Construction companies are increasingly tapping venture capital funding. In 2010, few or no start ups would seek Sand Hill Road or Bay Area investors for Series A or Series B. But in 2012, nearly $99 million reportedly financed nine investments. It has soared since then, escalating to $260 million in 2015 for 44 transactions according to CB Insights.
It remains to be seen how 2016 will pan out. But 20 transactions were already recorded for the first half of the year.
At the same time, on October 31, Aeris Partners has announced it brokered the sale of Constructconnect to Roper for an undisclosed amount. This represents the seventh transaction completed by the boutique AEC (Architecture Engineering and Construction) investment bank since 2014. Large private equity (PE) firms such as Genstar and Warburg Pincus owned the majority stake in Constructconnect, another sign the sector is heating up.
Most progress will be carried out in the developing world, where increased urbanization and improved standards of sustainable living are calling for immediate solutions. 90% of construction workers and most infrastructure projects are being implemented in the southern hemisphere.

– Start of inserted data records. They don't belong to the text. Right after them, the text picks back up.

lemma balanced_upto_add3:
  assumes k: "k + 3 \<le> length es" and bal: "balanced_upto k c H HE"
    and k4: "k mod 4 = 0" and q: "q mod 4 = 1"
  obtains c' H' HE' where "balanced_upto (k + 3) c' H' HE'"
proof -
  let ?s = "c (attach k)" and ?a2 = "attach (Suc k)" and ?a3 = "attach (Suc (Suc k))"
  have k0: "k < length es" and k2: "Suc (Suc k) < length es"
    using k by auto
  obtain m where "k = 4 * m"
    using k4 by (metis mod_eq_0_iff_dvd dvd_def)
  then have "card (cov k) = 1 + 4 * (m * q)"
    using card_cov[of k] k0 by (simp add: mult.assoc)
  then have n: "card (cov k) mod 4 = 1"
    by presburger
  then have n1: "card (cov (Suc k)) mod 4 = 2"
    using q card_cov_Suc[OF k0] by presburger
  have "card H = 1" "card HE = 0"
    using bal n k4 by (simp_all add: balanced_upto_def balanced_count_def)
  then obtain z where "H = {z}" "HE = {}"
    by (auto simp: card_1_singleton_iff)
  with bal have bal0: "balanced_upto k c {z} {}"
    by simp
  show thesis
  proof (cases "?a3 \<in> cov (Suc k)")
    case True
    moreover have "?a2 \<in> cov (Suc k)"
      using attach_in_cov k2 by simp
    ultimately obtain u c1 where u: "u \<noteq> z" "u \<noteq> c1 ?a2 + c1 ?a3 + z"
      and c1: "balanced_upto (Suc k) c1 {z, u} {?s + u}"
      using triple_first_cancelling[OF k0 bal0 n q] by metis
    obtain w where "w \<noteq> ?s + c1 ?a2 + z" "w \<noteq> ?s + c1 ?a3 + u"
      using exists_klein_notin3 by blast
    then show thesis
      using triple_last_two[OF k2 c1 n1 q u(1), of "c1 ?a3" w] True u(2) that by blast
  next
    case False
    obtain u where u: "u \<noteq> z"
      using exists_klein_notin3 by blast
    obtain c1 where c1: "balanced_upto (Suc k) c1 {z, u} {?s + u}"
      using triple_first[OF k0 bal0 n q u, of "{}"] by auto
    obtain w where w: "w \<noteq> ?s + c1 ?a2 + z"
      using exists_klein_notin3 by blast
    obtain t where t: "t \<noteq> w" "t \<noteq> ?s + u + w" "t \<noteq> c1 ?a2 + z + u"
      using exists_klein_notin3 by blast
    then have "w \<noteq> ?s + t + u" "u \<noteq> c1 ?a2 + t + z"
      by (simp_all add: klein_eq_iff_add[of _ "_ + _"] add_ac)
    then show thesis
      using triple_last_two[OF k2 c1 n1 q u, of t w] False t(1) w that by blast
  qed
qed

lemma balanced_upto_exists: "k \<le> length es \<Longrightarrow> \<exists>c H HE. balanced_upto k c H HE"
proof (induction k rule: less_induct)
  case (less k)
  show ?case
  proof (cases k)
    case 0
    then show ?thesis
      using balanced_upto_0 by blast
  next
    case (Suc k')
    show ?thesis
    proof (cases "q mod 4 = 1 \<and> k' mod 4 = 2")
      case True
      then have k3: "k = (k - 3) + 3" "(k - 3) mod 4 = 0"
        using Suc by presburger+
      then obtain c H HE where "balanced_upto (k - 3) c H HE"
        using less.IH[of "k - 3"] less.prems Suc by auto
      then show ?thesis
        using balanced_upto_add3[of "k - 3"] less.prems k3 True by metis
    next
      case False
      obtain c H HE where "balanced_upto k' c H HE"
        using less.IH[of k'] less.prems Suc by auto
      then show ?thesis
        using balanced_upto_Suc_single[of k'] False less.prems Suc by (metis Suc_le_eq)
    qed
  qed
qed

lemma A_cordial_cover: "A_cordial (cov (length es)) (set es)"
proof -
  obtain c H HE where "balanced_upto (length es) c H HE"
    using balanced_upto_exists by blast
  then have "balanced_count (vcount (cov (length es)) c) (card (cov (length es))) H"
    "balanced_count (ecount (set es) c) (length es) HE"
    by (simp_all add: balanced_upto_def)
  then show ?thesis
    unfolding A_cordial_def A_friendly_def by (blast intro: balanced_count_abs_diff)
qed

end

theorem theorem3:
  fixes V :: "'a set" and E :: "'a set set" and p :: nat
  assumes "p \<ge> 3"
    and "hypertree V E"
    and "uniform p V E"
  shows "A_cordial V E"
proof -
  have hg: "hypergraph V E" and fin: "finite V" and "E \<noteq> {}"
    using assms(2) by (simp_all add: hypertree_def)
  then obtain r where r: "r \<in> V"
    by (auto simp: hypergraph_def)
  obtain es where es: "attaching_order E r es" "set es = E"
    using hypertree_attaching_order[OF assms(2) r] by blast
  interpret uniform_attaching_order V E r es "p - 1"
    using hg r es fin assms(1,3) by unfold_locales (auto simp: uniform_def)
  show ?thesis
    using A_cordial_cover attaching_order_covers[OF assms(2) r es] es(2) by simp
qed

end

The United Nations predicts that 70% of the population will be living in urban areas by 2050, up to 54 % in 2014. Vertical buildings will replace current homes in Asia and Africa. Countries with a “highly dense” population (over 200 inhabitants per square kilometer) will need to make room for a booming population.
Few could have predicted that construction would become a topical investment subject in Silicon Valley in 2016. American venture capitalists tend to back startups adjacent to their comfort zone, located within a 30-mile radius, and often bet on intangible intellectual property (IP). The fledgling constructech field looks familiar because its new startups’ software solve real problems at a fraction of the previous cost of ownership.

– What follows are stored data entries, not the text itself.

(* Let $S$ be a $\Gamma$-AG$^{**}$-groupoid. Then $S$ is intra-regular if and only if $A=(S\Gamma A)\Gamma(S\Gamma A)$ for every left $\Gamma$-ideal $A$ of $S$.
   Context: Let $S$ and $\Gamma$ be nonempty sets with a map $S\times\Gamma\times S\to S$, $(x,\gamma,y)\mapsto x\gamma y$. $S$ is a $\Gamma$-AG-groupoid if $(x\gamma y)\delta z=(z\gamma y)\delta x$ for all $x,y,z\in S$, $\gamma,\delta\in\Gamma$; it is a $\Gamma$-AG$^{**}$-groupoid if moreover $a\alpha(b\beta c)=b\alpha(a\beta c)$ for all $a,b,c\in S$, $\alpha,\beta\in\Gamma$. For subsets $A,B\subseteq S$, $A\Gamma B=\{a\gamma b: a\in A,\gamma\in\Gamma,b\in B\}$. $S$ is intra-regular if for every $a\in S$ there exist $x,y\in S$ and $\beta,\gamma,\delta\in\Gamma$ with $a=(x\beta(a\delta a))\gamma y$. A nonempty subset $A$ is a left $\Gamma$-ideal if $S\Gamma A\subseteq A$. *)

theory Defs
  imports Main
begin

definition gamma_closed :: "'s set \<Rightarrow> 'g set \<Rightarrow> ('s \<Rightarrow> 'g \<Rightarrow> 's \<Rightarrow> 's) \<Rightarrow> bool" where
  "gamma_closed S G m \<longleftrightarrow> S \<noteq> {} \<and> G \<noteq> {} \<and>
     (\<forall>x\<in>S. \<forall>g\<in>G. \<forall>y\<in>S. m x g y \<in> S)"

definition gamma_AG_groupoid :: "'s set \<Rightarrow> 'g set \<Rightarrow> ('s \<Rightarrow> 'g \<Rightarrow> 's \<Rightarrow> 's) \<Rightarrow> bool" where
  "gamma_AG_groupoid S G m \<longleftrightarrow> gamma_closed S G m \<and>
     (\<forall>x\<in>S. \<forall>y\<in>S. \<forall>z\<in>S. \<forall>g\<in>G. \<forall>d\<in>G. m (m x g y) d z = m (m z g y) d x)"

definition gamma_AG2_groupoid :: "'s set \<Rightarrow> 'g set \<Rightarrow> ('s \<Rightarrow> 'g \<Rightarrow> 's \<Rightarrow> 's) \<Rightarrow> bool" where
  "gamma_AG2_groupoid S G m \<longleftrightarrow> gamma_AG_groupoid S G m \<and>
     (\<forall>a\<in>S. \<forall>b\<in>S. \<forall>c\<in>S. \<forall>\<alpha>\<in>G. \<forall>\<beta>\<in>G. m a \<alpha> (m b \<beta> c) = m b \<alpha> (m a \<beta> c))"

definition gprod :: "('s \<Rightarrow> 'g \<Rightarrow> 's \<Rightarrow> 's) \<Rightarrow> 's set \<Rightarrow> 'g set \<Rightarrow> 's set \<Rightarrow> 's set" where
  "gprod m A G B = {m a g b | a g b. a \<in> A \<and> g \<in> G \<and> b \<in> B}"

definition intra_regular :: "'s set \<Rightarrow> 'g set \<Rightarrow> ('s \<Rightarrow> 'g \<Rightarrow> 's \<Rightarrow> 's) \<Rightarrow> bool" where
  "intra_regular S G m \<longleftrightarrow> (\<forall>a\<in>S. \<exists>x\<in>S. \<exists>y\<in>S. \<exists>\<beta>\<in>G. \<exists>\<gamma>\<in>G. \<exists>\<delta>\<in>G.
      a = m (m x \<beta> (m a \<delta> a)) \<gamma> y)"

definition left_gamma_ideal :: "'s set \<Rightarrow> 'g set \<Rightarrow> ('s \<Rightarrow> 'g \<Rightarrow> 's \<Rightarrow> 's) \<Rightarrow> 's set \<Rightarrow> bool" where
  "left_gamma_ideal S G m A \<longleftrightarrow> A \<noteq> {} \<and> A \<subseteq> S \<and> gprod m S G A \<subseteq> A"

end

theory Submission
  imports Defs
begin

(*
  The inclusion (S Gamma A) Gamma (S Gamma A) <= A holds for every left Gamma-ideal of a
  closed Gamma-structure.  For the converse inclusion, the left invertive law and the
  AG**-law rewrite an intra-regular witness a = (x b (a d a)) c y into
  a = (x b (y d a)) c (u c a), whose two factors visibly lie in S Gamma A.

  Conversely, applying the hypothesis to the left ideal S gives S <= S Gamma S; this makes
  S Gamma (S Gamma a) <= S Gamma a, so L(a) = {a} u S Gamma a is a left Gamma-ideal.
  Its idempotency writes a = (s b a) c (t d a), and a chain of left invertive and
  AG**-steps turns this into an intra-regular representation of a.
*)

lemma gprodI [intro]: "a \<in> A \<Longrightarrow> g \<in> G \<Longrightarrow> b \<in> B \<Longrightarrow> m a g b \<in> gprod m A G B"
  unfolding gprod_def by blast

lemma gprod_mono: "A \<subseteq> A' \<Longrightarrow> B \<subseteq> B' \<Longrightarrow> gprod m A G B \<subseteq> gprod m A' G B'"
  unfolding gprod_def by blast

lemma gprodE [elim]:
  assumes "w \<in> gprod m A G B"
  obtains a g b where "w = m a g b" "a \<in> A" "g \<in> G" "b \<in> B"
  using assms unfolding gprod_def by blast

lemma left_ideal_square_subset:
  assumes "gamma_closed S G m" and "left_gamma_ideal S G m A"
  shows "gprod m (gprod m S G A) G (gprod m S G A) \<subseteq> A"
proof
  have AS: "A \<subseteq> S" and SA: "gprod m S G A \<subseteq> A"
    using assms(2) unfolding left_gamma_ideal_def by auto
  fix w assume "w \<in> gprod m (gprod m S G A) G (gprod m S G A)"
  then obtain u g v where w: "w = m u g v" and u: "u \<in> gprod m S G A" and "g \<in> G"
    and "v \<in> gprod m S G A" by blast
  have "u \<in> S" using u AS assms(1) unfolding gamma_closed_def by blast
  with \<open>g \<in> G\<close> \<open>v \<in> gprod m S G A\<close> SA have "w \<in> gprod m S G A" using w by blast
  with SA show "w \<in> A" by blast
qed

locale gamma_AG2 =
  fixes S :: "'s set" and G :: "'g set" and m :: "'s \<Rightarrow> 'g \<Rightarrow> 's \<Rightarrow> 's"
  assumes AG2: "gamma_AG2_groupoid S G m"
begin

lemma closed_structure: "gamma_closed S G m"
  using AG2 unfolding gamma_AG2_groupoid_def gamma_AG_groupoid_def by blast

lemma closed: "x \<in> S \<Longrightarrow> g \<in> G \<Longrightarrow> y \<in> S \<Longrightarrow> m x g y \<in> S"
  using closed_structure unfolding gamma_closed_def by blast

lemma left_invertive:
  "x \<in> S \<Longrightarrow> y \<in> S \<Longrightarrow> z \<in> S \<Longrightarrow> g \<in> G \<Longrightarrow> d \<in> G \<Longrightarrow>
    m (m x g y) d z = m (m z g y) d x"
  using AG2 unfolding gamma_AG2_groupoid_def gamma_AG_groupoid_def by blast

lemma AG2_law:
  "a \<in> S \<Longrightarrow> b \<in> S \<Longrightarrow> c \<in> S \<Longrightarrow> \<alpha> \<in> G \<Longrightarrow> \<beta> \<in> G \<Longrightarrow>
    m a \<alpha> (m b \<beta> c) = m b \<alpha> (m a \<beta> c)"
  using AG2 unfolding gamma_AG2_groupoid_def by blast

lemma S_left_ideal: "left_gamma_ideal S G m S"
  using closed_structure unfolding left_gamma_ideal_def gamma_closed_def gprod_def by blast

lemma intra_regular_refactor:
  assumes a: "a \<in> S" and x: "x \<in> S" and y: "y \<in> S"
    and \<beta>: "\<beta> \<in> G" and \<gamma>: "\<gamma> \<in> G" and \<delta>: "\<delta> \<in> G"
    and a_eq: "a = m (m x \<beta> (m a \<delta> a)) \<gamma> y"
  shows "a = m (m x \<beta> (m y \<delta> a)) \<gamma> (m (m y \<beta> (m x \<delta> a)) \<gamma> a)"
proof -
  define u where "u = m y \<beta> (m x \<delta> a)"
  have "a = m (m a \<beta> (m x \<delta> a)) \<gamma> y"
    using a_eq AG2_law[of x a a \<beta> \<delta>] x a \<beta> \<delta> by simp
  also have "\<dots> = m u \<gamma> a"
    unfolding u_def using left_invertive[of a "m x \<delta> a" y \<beta> \<gamma>] closed x a y \<beta> \<gamma> \<delta> by simp
  finally have a_left: "a = m u \<gamma> a" .
  have u_swap: "u = m x \<beta> (m y \<delta> a)"
    unfolding u_def using AG2_law[of y x a \<beta> \<delta>] x y a \<beta> \<delta> by simp
  from a_left have "a = m u \<gamma> (m u \<gamma> a)" by simp
  with u_swap show ?thesis unfolding u_def by simp
qed

lemma intra_regular_left_ideals_idempotent:
  assumes ir: "intra_regular S G m" and A: "left_gamma_ideal S G m A"
  shows "A = gprod m (gprod m S G A) G (gprod m S G A)"
proof
  show "gprod m (gprod m S G A) G (gprod m S G A) \<subseteq> A"
    using left_ideal_square_subset[OF closed_structure A] .
next
  have AS: "A \<subseteq> S" and SA: "gprod m S G A \<subseteq> A"
    using A unfolding left_gamma_ideal_def by auto
  show "A \<subseteq> gprod m (gprod m S G A) G (gprod m S G A)"
  proof
    fix a assume aA: "a \<in> A"
    with AS have a: "a \<in> S" by blast
    then obtain x y \<beta> \<gamma> \<delta> where x: "x \<in> S" and y: "y \<in> S" and \<beta>: "\<beta> \<in> G"
      and \<gamma>: "\<gamma> \<in> G" and \<delta>: "\<delta> \<in> G" and "a = m (m x \<beta> (m a \<delta> a)) \<gamma> y"
      using ir unfolding intra_regular_def by blast
    then have a_eq: "a = m (m x \<beta> (m y \<delta> a)) \<gamma> (m (m y \<beta> (m x \<delta> a)) \<gamma> a)"
      using intra_regular_refactor a by blast
    have "m y \<delta> a \<in> A" using SA y \<delta> aA by blast
    then have "m x \<beta> (m y \<delta> a) \<in> gprod m S G A" using x \<beta> by blast
    moreover have "m (m y \<beta> (m x \<delta> a)) \<gamma> a \<in> gprod m S G A"
      using closed x y a \<beta> \<gamma> \<delta> aA by blast
    ultimately show "a \<in> gprod m (gprod m S G A) G (gprod m S G A)"
      using a_eq \<gamma> by (metis gprodI)
  qed
qed

lemma double_left_mult_absorb:
  assumes SS: "S \<subseteq> gprod m S G S"
    and a: "a \<in> S" and s: "s \<in> S" and t: "t \<in> S" and g: "g \<in> G" and h: "h \<in> G"
  shows "m s g (m t h a) \<in> gprod m S G {a}"
proof -
  from t SS obtain p \<zeta> q where p: "p \<in> S" and \<zeta>: "\<zeta> \<in> G" and q: "q \<in> S"
    and t_eq: "t = m p \<zeta> q" by blast
  have "m s g (m t h a) = m s g (m (m a \<zeta> q) h p)"
    using t_eq left_invertive[of p q a \<zeta> h] p q a \<zeta> h by simp
  also have "\<dots> = m (m a \<zeta> q) g (m s h p)"
    using AG2_law[of s "m a \<zeta> q" p g h] closed s p q a \<zeta> g h by simp
  also have "\<dots> = m (m (m s h p) \<zeta> q) g a"
    using left_invertive[of a q "m s h p" \<zeta> g] closed s p q a \<zeta> g h by simp
  finally show ?thesis using closed s p q \<zeta> g h by auto
qed

definition principal_left_ideal :: "'s \<Rightarrow> 's set" where
  "principal_left_ideal a = insert a (gprod m S G {a})"

lemma left_mult_principal_left_ideal:
  assumes "S \<subseteq> gprod m S G S" and "a \<in> S"
  shows "gprod m S G (principal_left_ideal a) \<subseteq> gprod m S G {a}"
  using double_left_mult_absorb[OF assms]
  unfolding principal_left_ideal_def by (auto elim!: gprodE)

lemma principal_left_ideal_is_left_ideal:
  assumes "S \<subseteq> gprod m S G S" and a: "a \<in> S"
  shows "left_gamma_ideal S G m (principal_left_ideal a)"
  unfolding left_gamma_ideal_def
proof (intro conjI)
  show "principal_left_ideal a \<noteq> {}" unfolding principal_left_ideal_def by blast
  show "principal_left_ideal a \<subseteq> S"
    unfolding principal_left_ideal_def using a closed by (auto elim!: gprodE)
  show "gprod m S G (principal_left_ideal a) \<subseteq> principal_left_ideal a"
    using left_mult_principal_left_ideal[OF assms] unfolding principal_left_ideal_def by blast
qed

lemma intra_regular_of_square:
  assumes a: "a \<in> S" and s: "s \<in> S" and t: "t \<in> S"
    and \<beta>: "\<beta> \<in> G" and \<gamma>: "\<gamma> \<in> G" and \<delta>: "\<delta> \<in> G"
    and a_eq: "a = m (m s \<beta> a) \<gamma> (m t \<delta> a)"
  shows "a = m (m a \<gamma> (m a \<delta> a)) \<gamma> (m (m s \<beta> t) \<delta> (m s \<beta> t))"
proof -
  define u where "u = m s \<beta> t"
  have u: "u \<in> S" unfolding u_def using closed s t \<beta> by blast
  have "a = m (m (m t \<delta> a) \<beta> a) \<gamma> s"
    using a_eq left_invertive[of s a "m t \<delta> a" \<beta> \<gamma>] closed s t a \<beta> \<gamma> \<delta> by simp
  also have "\<dots> = m (m (m a \<delta> a) \<beta> t) \<gamma> s"
    using left_invertive[of t a a \<delta> \<beta>] t a \<beta> \<delta> by simp
  also have "\<dots> = m u \<gamma> (m a \<delta> a)"
    unfolding u_def using left_invertive[of "m a \<delta> a" t s \<beta> \<gamma>] closed s t a \<beta> \<gamma> \<delta> by simp
  finally have a_u: "a = m u \<gamma> (m a \<delta> a)" .
  then have "m a \<delta> a = m (m a \<gamma> (m a \<delta> a)) \<delta> u"
    using left_invertive[of u "m a \<delta> a" a \<gamma> \<delta>] closed u a \<gamma> \<delta> by simp
  with a_u have "a = m u \<gamma> (m (m a \<gamma> (m a \<delta> a)) \<delta> u)" by simp
  also have "\<dots> = m (m a \<gamma> (m a \<delta> a)) \<gamma> (m u \<delta> u)"
    using AG2_law[of u "m a \<gamma> (m a \<delta> a)" u \<gamma> \<delta>] closed u a \<gamma> \<delta> by simp
  finally show ?thesis unfolding u_def .
qed

lemma intra_regular_if_left_ideals_idempotent:
  assumes H: "\<forall>A. left_gamma_ideal S G m A \<longrightarrow>
                  A = gprod m (gprod m S G A) G (gprod m S G A)"
  shows "intra_regular S G m"
  unfolding intra_regular_def
proof
  fix a assume a: "a \<in> S"
  have "S = gprod m (gprod m S G S) G (gprod m S G S)" using H S_left_ideal by blast
  moreover have "gprod m S G S \<subseteq> S" using closed by (auto elim!: gprodE)
  ultimately have SS: "S \<subseteq> gprod m S G S" using gprod_mono by (metis subset_refl)
  let ?L = "principal_left_ideal a"
  have "a \<in> gprod m (gprod m S G ?L) G (gprod m S G ?L)"
    using H principal_left_ideal_is_left_ideal[OF SS a] unfolding principal_left_ideal_def by blast
  then have "a \<in> gprod m (gprod m S G {a}) G (gprod m S G {a})"
    using left_mult_principal_left_ideal[OF SS a] by (blast elim!: gprodE)
  then obtain s \<beta> t \<gamma> \<delta> where s: "s \<in> S" and t: "t \<in> S" and \<beta>: "\<beta> \<in> G" and \<gamma>: "\<gamma> \<in> G"
    and \<delta>: "\<delta> \<in> G" and "a = m (m s \<beta> a) \<gamma> (m t \<delta> a)" by (auto elim!: gprodE)
  then have "a = m (m a \<gamma> (m a \<delta> a)) \<gamma> (m (m s \<beta> t) \<delta> (m s \<beta> t))"
    using intra_regular_of_square a by blast
  moreover have "m (m s \<beta> t) \<delta> (m s \<beta> t) \<in> S" using closed s t \<beta> \<delta> by blast
  ultimately show "\<exists>x\<in>S. \<exists>y\<in>S. \<exists>\<beta>\<in>G. \<exists>\<gamma>\<in>G. \<exists>\<delta>\<in>G. a = m (m x \<beta> (m a \<delta> a)) \<gamma> y"
    using a \<gamma> \<delta> by blast
qed

end

theorem mainTheorem13:
  fixes S :: "'s set" and G :: "'g set" and m :: "'s \<Rightarrow> 'g \<Rightarrow> 's \<Rightarrow> 's"
  assumes "gamma_AG2_groupoid S G m"
  shows "intra_regular S G m \<longleftrightarrow>
    (\<forall>A. left_gamma_ideal S G m A \<longrightarrow>
       A = gprod m (gprod m S G A) G (gprod m S G A))"
proof -
  interpret gamma_AG2 S G m using assms by unfold_locales
  show ?thesis
    using intra_regular_left_ideals_idempotent intra_regular_if_left_ideals_idempotent
    by blast
qed

end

Many constructech entrepreneurs have roots in Silicon Valley or Boston. General constructors’, architects’ and planners’ productivity and work quality is transformed daily with new IP based on AI; predictive analytics; smart sensors providing immediate feedback; and an array of mobile solutions.
Right now these tech startups are just scratching the surface, merely reducing constructions’ risks and enhancing transparency. In a few years they will unshackle creative thinkers who will reform the way to build.
A $15 trillion industry worldwide in 2015, construction and real estate is growing fast, especially in emerging countries, which will account for 55% of the market–or $10.7tr–by 2020, according to Ovum, a London-based market researcher.
In China, from 1985 to 2010, it is thought that real estate and construction alone contributed to 20% of the country’s growth: new cities emerged quickly while large portions of Beijing, Nanjing or Shanghai were redesigned or rebuilt.
Real estate and construction activity remain a fundamental economic indicator anywhere on earth. They employ millions of blue collar employees. The Bureau of Labor Statistics in America has detailed records of the number of construction workers in 2014: over 6.1 million or 4% of the total US workforce (150 million people).
The largest construction conglomerate in the world, Vinci of France, has over 200,000 employees. Bechtel, the U.S. contractor giant, employed 53,000 in 2015. The sector routinely accounts for 5-6% of the GDP in developed nations. New constructions often feature as a leading indicator on investors’ and individuals’ faith in the future.
The construction ecosystem has not fully embraced technology. Of course, architects and engineers have learned to standardize Autodesk and Infograph PC-based software tools since the early nineties, as a consequence of their 3D graphics’ innovative features. But the rest of the sector was left behind.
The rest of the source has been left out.